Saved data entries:
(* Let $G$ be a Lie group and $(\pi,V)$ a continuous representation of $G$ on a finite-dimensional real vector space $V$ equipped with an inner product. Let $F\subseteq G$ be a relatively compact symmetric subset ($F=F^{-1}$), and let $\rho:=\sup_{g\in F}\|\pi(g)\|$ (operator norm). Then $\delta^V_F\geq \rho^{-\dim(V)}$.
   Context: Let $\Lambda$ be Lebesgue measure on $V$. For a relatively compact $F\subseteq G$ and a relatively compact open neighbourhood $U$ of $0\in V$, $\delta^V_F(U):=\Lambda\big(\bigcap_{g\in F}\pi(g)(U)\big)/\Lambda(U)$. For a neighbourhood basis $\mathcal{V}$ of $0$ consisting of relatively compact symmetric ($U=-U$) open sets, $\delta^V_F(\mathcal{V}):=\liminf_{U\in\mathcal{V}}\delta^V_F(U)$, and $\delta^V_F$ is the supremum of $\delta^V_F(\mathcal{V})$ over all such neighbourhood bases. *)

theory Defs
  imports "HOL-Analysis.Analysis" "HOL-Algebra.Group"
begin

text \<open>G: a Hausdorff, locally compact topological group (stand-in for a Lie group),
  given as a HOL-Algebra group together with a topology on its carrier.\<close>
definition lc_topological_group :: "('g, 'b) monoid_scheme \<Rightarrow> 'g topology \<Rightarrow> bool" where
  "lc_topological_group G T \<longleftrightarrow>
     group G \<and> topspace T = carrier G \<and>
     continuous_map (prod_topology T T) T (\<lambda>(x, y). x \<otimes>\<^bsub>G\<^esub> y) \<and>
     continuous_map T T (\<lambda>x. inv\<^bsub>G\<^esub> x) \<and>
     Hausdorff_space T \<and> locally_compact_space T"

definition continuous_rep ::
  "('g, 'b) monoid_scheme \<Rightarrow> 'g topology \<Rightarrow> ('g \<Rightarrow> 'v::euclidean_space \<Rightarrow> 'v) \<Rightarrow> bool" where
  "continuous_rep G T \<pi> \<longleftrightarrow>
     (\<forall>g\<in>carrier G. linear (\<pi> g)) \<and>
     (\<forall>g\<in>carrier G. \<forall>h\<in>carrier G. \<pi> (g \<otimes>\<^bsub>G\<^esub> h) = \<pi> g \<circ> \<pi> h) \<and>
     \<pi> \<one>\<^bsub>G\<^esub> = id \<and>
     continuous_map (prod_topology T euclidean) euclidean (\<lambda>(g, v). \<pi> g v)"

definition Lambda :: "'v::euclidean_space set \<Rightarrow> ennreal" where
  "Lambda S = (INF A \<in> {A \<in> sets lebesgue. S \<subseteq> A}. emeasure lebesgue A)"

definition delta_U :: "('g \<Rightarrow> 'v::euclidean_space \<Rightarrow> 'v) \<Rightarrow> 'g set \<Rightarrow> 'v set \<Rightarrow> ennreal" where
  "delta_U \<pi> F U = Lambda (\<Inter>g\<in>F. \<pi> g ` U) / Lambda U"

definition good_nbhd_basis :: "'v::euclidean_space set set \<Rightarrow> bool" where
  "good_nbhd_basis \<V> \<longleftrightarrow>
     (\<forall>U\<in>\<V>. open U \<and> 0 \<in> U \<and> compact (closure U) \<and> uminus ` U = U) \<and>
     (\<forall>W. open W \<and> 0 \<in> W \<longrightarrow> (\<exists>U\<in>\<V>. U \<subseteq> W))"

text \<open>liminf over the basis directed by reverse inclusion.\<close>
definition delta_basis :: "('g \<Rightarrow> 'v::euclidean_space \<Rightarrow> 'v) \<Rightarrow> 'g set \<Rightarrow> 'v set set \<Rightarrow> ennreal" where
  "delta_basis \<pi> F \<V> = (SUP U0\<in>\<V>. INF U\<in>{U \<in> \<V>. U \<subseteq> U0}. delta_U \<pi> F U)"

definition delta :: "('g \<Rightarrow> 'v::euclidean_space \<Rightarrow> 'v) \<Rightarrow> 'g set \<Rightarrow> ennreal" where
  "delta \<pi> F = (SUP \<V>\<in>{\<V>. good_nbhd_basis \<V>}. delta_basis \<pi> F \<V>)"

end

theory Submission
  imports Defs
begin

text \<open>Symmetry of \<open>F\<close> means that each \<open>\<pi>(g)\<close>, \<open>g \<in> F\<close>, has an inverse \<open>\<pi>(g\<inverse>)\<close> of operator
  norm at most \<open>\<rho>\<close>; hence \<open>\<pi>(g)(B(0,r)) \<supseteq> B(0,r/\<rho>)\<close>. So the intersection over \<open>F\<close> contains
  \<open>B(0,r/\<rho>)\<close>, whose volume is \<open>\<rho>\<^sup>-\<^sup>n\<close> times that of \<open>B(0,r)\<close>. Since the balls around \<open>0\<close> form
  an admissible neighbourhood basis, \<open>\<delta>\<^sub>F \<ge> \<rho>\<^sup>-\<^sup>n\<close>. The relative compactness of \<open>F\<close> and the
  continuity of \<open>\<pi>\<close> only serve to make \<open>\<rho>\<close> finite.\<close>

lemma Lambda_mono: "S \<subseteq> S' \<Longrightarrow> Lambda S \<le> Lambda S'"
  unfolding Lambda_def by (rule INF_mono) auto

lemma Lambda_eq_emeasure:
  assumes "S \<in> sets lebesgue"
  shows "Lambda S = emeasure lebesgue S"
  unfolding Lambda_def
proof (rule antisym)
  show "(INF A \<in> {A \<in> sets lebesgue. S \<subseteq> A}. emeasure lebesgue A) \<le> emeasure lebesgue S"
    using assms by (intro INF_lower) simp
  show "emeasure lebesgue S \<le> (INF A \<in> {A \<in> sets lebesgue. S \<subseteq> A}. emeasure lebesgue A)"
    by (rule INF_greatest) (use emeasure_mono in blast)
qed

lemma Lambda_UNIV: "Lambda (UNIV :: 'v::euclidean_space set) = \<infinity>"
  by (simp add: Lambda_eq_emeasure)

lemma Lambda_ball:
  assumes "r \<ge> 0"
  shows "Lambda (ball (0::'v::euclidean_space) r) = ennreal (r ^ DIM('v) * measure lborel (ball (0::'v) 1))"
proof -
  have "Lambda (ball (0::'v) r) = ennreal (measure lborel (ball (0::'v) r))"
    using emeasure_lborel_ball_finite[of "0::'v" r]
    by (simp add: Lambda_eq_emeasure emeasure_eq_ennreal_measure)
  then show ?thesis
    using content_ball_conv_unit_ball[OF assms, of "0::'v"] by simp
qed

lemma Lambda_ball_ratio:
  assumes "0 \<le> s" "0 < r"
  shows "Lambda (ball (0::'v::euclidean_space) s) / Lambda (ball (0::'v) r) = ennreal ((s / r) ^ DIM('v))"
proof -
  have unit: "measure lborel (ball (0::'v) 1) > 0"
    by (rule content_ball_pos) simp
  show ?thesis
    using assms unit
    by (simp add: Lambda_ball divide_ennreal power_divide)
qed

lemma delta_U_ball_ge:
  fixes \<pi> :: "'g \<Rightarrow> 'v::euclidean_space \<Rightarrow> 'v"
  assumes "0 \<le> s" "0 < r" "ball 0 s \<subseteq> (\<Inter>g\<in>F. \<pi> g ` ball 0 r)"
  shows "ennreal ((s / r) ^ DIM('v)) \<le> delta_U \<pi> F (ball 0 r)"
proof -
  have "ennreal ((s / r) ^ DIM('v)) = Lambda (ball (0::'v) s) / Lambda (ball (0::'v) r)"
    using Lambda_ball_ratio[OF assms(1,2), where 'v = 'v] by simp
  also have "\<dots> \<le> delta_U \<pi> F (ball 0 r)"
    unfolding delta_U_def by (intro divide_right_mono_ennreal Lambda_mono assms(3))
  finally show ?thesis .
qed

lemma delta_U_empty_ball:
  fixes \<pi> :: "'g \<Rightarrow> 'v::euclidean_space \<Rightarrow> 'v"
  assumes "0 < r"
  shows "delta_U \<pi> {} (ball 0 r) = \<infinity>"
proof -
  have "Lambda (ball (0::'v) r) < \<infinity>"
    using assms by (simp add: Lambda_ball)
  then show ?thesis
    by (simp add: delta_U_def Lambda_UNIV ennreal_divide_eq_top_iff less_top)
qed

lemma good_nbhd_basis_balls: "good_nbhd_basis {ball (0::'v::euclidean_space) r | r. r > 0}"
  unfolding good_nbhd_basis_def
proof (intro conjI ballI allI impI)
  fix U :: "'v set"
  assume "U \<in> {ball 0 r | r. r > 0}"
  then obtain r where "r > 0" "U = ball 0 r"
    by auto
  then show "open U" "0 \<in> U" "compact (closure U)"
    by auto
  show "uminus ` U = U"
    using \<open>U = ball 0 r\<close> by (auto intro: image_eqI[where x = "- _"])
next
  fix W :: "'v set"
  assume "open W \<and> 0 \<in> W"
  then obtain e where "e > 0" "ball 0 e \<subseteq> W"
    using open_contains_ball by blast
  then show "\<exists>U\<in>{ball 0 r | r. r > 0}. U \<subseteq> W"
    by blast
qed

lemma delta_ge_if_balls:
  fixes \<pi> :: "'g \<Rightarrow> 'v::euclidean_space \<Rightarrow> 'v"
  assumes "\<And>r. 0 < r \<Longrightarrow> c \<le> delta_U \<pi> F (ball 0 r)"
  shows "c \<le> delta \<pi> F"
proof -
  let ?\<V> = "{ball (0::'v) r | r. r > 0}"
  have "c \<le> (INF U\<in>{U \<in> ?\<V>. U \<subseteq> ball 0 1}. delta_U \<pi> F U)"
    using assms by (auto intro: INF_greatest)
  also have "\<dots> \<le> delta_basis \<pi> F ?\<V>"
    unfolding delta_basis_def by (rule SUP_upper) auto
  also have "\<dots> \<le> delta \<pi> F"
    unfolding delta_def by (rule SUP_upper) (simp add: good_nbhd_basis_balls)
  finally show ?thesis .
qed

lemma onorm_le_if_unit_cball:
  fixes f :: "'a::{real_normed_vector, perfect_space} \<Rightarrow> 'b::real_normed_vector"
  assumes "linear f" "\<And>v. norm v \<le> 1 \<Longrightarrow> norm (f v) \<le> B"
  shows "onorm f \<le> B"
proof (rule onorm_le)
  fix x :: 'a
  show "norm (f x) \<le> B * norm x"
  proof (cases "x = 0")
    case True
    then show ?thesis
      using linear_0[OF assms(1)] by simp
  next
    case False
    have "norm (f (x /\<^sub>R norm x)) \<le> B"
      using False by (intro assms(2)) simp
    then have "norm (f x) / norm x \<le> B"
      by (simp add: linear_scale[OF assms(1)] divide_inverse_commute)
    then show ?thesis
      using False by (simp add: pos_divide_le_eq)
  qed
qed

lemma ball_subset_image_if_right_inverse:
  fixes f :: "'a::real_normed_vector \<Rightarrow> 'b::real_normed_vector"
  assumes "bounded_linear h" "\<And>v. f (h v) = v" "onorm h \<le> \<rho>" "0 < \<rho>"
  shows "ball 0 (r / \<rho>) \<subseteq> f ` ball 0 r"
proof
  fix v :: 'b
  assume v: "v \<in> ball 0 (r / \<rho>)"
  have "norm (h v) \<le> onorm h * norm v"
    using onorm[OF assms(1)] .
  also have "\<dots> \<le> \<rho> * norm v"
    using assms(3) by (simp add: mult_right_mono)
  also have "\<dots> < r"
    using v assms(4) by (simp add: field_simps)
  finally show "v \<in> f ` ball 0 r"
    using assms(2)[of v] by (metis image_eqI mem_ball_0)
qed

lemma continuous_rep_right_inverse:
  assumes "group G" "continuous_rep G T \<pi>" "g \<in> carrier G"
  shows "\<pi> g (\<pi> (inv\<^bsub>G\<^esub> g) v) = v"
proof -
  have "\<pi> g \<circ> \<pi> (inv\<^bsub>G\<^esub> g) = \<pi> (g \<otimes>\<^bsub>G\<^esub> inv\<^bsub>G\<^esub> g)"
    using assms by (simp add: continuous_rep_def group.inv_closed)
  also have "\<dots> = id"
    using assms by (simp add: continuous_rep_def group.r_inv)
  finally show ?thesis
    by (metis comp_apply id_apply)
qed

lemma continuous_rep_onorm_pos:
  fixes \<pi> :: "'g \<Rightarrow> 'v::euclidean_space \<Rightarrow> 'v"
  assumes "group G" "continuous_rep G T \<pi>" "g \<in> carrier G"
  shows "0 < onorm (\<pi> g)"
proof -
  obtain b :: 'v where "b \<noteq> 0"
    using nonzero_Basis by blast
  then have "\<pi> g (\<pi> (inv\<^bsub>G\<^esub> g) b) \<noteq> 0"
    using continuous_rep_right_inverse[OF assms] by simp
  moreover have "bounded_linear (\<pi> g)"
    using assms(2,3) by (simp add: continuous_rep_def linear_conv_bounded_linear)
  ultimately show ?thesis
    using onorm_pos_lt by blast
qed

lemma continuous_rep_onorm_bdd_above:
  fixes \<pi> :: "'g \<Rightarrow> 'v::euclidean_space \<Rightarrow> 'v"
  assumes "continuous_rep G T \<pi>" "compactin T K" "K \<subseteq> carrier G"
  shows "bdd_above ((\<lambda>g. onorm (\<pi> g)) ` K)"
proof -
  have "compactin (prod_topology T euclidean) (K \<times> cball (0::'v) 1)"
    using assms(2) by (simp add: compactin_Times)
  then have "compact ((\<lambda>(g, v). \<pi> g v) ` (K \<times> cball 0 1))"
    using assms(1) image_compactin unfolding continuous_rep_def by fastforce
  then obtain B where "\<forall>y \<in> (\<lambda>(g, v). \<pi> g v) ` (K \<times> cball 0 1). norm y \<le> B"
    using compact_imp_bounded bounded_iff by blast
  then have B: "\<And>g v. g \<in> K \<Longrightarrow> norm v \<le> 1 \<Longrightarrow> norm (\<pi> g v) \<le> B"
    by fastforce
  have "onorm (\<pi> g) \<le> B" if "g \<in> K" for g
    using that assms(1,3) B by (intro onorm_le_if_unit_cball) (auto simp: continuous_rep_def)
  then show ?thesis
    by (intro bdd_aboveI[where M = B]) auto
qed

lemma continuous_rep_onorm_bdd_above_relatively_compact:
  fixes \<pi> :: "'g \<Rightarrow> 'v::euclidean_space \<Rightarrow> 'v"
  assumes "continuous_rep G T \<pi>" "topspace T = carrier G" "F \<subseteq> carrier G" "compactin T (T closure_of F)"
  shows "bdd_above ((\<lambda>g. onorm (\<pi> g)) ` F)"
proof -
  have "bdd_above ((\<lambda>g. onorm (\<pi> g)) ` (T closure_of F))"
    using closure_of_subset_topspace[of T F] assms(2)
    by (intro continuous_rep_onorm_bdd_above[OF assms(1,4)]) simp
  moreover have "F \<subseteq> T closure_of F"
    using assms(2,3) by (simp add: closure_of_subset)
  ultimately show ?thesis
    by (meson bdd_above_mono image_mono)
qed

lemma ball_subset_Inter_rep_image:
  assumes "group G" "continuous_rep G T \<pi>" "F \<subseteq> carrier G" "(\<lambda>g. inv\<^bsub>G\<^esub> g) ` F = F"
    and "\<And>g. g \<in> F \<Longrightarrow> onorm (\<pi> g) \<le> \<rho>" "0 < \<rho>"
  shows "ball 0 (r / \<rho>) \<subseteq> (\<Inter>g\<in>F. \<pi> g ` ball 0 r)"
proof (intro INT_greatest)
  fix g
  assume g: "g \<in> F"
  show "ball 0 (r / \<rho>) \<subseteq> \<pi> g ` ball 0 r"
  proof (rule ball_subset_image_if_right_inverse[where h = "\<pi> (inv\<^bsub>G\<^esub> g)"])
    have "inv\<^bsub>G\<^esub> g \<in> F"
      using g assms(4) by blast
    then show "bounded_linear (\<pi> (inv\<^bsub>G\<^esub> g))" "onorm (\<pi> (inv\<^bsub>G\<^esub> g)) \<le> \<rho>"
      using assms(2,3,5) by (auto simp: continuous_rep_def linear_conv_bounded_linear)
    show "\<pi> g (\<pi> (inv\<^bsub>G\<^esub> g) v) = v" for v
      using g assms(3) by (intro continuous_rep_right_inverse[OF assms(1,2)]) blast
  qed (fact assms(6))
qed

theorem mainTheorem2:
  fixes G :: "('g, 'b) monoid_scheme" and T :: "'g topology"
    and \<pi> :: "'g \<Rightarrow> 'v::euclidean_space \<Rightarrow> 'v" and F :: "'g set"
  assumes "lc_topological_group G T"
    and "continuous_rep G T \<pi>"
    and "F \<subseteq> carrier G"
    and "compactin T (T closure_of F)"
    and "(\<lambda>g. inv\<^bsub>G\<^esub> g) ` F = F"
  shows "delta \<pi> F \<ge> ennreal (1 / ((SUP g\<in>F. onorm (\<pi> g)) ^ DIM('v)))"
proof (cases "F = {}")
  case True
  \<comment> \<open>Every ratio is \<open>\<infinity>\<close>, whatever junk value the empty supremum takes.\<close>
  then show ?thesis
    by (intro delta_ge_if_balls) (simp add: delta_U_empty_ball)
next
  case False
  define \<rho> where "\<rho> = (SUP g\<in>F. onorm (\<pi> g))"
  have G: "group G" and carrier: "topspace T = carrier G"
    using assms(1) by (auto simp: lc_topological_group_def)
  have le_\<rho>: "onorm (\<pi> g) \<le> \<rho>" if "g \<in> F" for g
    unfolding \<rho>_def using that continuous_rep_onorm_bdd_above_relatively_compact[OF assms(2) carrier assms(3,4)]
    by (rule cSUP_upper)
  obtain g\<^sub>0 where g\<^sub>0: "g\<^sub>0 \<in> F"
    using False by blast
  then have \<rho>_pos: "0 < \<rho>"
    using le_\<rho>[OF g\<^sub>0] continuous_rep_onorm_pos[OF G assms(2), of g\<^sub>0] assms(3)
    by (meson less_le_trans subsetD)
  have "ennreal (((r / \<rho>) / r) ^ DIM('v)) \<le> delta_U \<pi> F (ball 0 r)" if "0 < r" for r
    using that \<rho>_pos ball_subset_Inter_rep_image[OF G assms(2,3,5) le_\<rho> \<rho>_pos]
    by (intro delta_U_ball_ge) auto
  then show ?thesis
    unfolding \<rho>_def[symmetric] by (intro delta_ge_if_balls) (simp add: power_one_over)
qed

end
--
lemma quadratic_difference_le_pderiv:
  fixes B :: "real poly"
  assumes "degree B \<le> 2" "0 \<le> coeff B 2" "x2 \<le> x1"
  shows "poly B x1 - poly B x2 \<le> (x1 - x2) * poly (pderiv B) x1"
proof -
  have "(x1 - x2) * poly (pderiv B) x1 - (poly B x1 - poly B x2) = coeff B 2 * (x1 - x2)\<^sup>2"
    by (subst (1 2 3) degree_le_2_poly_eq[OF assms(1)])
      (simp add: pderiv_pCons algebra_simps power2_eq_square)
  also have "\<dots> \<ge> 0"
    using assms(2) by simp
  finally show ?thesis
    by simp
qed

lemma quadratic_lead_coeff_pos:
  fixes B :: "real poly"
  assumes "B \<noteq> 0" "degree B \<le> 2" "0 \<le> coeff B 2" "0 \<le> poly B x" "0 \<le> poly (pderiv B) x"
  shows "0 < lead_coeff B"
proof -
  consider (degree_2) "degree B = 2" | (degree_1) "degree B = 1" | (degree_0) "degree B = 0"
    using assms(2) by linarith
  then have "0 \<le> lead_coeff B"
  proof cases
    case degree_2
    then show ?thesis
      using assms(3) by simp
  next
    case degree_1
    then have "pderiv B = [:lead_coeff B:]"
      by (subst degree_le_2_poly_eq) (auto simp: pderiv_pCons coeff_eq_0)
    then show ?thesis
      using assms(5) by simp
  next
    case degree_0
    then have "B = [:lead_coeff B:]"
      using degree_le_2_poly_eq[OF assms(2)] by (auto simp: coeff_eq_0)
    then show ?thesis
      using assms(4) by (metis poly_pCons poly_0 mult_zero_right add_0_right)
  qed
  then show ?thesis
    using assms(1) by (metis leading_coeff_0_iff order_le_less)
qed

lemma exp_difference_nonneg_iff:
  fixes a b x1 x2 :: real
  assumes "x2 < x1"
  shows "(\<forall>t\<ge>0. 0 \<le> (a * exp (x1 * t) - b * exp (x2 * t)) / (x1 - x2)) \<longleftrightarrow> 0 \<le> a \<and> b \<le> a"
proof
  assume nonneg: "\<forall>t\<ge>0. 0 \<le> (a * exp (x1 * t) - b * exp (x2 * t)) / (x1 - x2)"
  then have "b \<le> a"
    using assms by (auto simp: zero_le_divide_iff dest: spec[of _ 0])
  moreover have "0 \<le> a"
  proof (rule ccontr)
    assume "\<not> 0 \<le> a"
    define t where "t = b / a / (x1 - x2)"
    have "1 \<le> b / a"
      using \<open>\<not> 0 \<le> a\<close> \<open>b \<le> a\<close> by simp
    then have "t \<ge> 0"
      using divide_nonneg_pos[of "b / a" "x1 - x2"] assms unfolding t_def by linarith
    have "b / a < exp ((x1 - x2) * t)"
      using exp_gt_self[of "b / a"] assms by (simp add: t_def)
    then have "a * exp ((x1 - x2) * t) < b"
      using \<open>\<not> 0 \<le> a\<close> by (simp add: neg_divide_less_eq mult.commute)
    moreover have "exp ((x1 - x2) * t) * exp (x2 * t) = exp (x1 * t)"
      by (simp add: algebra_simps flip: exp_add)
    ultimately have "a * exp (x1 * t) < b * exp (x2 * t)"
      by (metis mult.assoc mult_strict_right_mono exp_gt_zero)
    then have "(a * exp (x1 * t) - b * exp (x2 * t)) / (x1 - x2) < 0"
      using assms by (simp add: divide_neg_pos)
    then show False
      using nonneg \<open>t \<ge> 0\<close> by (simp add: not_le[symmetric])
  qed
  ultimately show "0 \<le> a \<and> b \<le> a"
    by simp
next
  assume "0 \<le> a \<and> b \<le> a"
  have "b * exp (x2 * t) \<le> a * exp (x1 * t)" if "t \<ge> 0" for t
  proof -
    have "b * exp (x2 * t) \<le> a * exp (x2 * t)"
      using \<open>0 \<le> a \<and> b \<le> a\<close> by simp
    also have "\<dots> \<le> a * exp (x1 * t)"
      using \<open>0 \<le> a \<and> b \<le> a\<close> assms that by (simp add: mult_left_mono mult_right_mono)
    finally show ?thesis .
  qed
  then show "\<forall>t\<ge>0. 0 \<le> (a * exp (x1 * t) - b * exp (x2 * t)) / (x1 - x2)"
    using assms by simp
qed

WORK REQUEST: Search the data above for the string "with". Report every line where it is found.

ANSWER BELOW:
(* Let $G$ be a Lie group and $(\pi,V)$ a continuous representation of $G$ on a finite-dimensional real vector space $V$ equipped with an inner product. Let $F\subseteq G$ be a relatively compact symmetric subset ($F=F^{-1}$), and let $\rho:=\sup_{g\in F}\|\pi(g)\|$ (operator norm). Then $\delta^V_F\geq \rho^{-\dim(V)}$.
  given as a HOL-Algebra group together with a topology on its carrier.\<close>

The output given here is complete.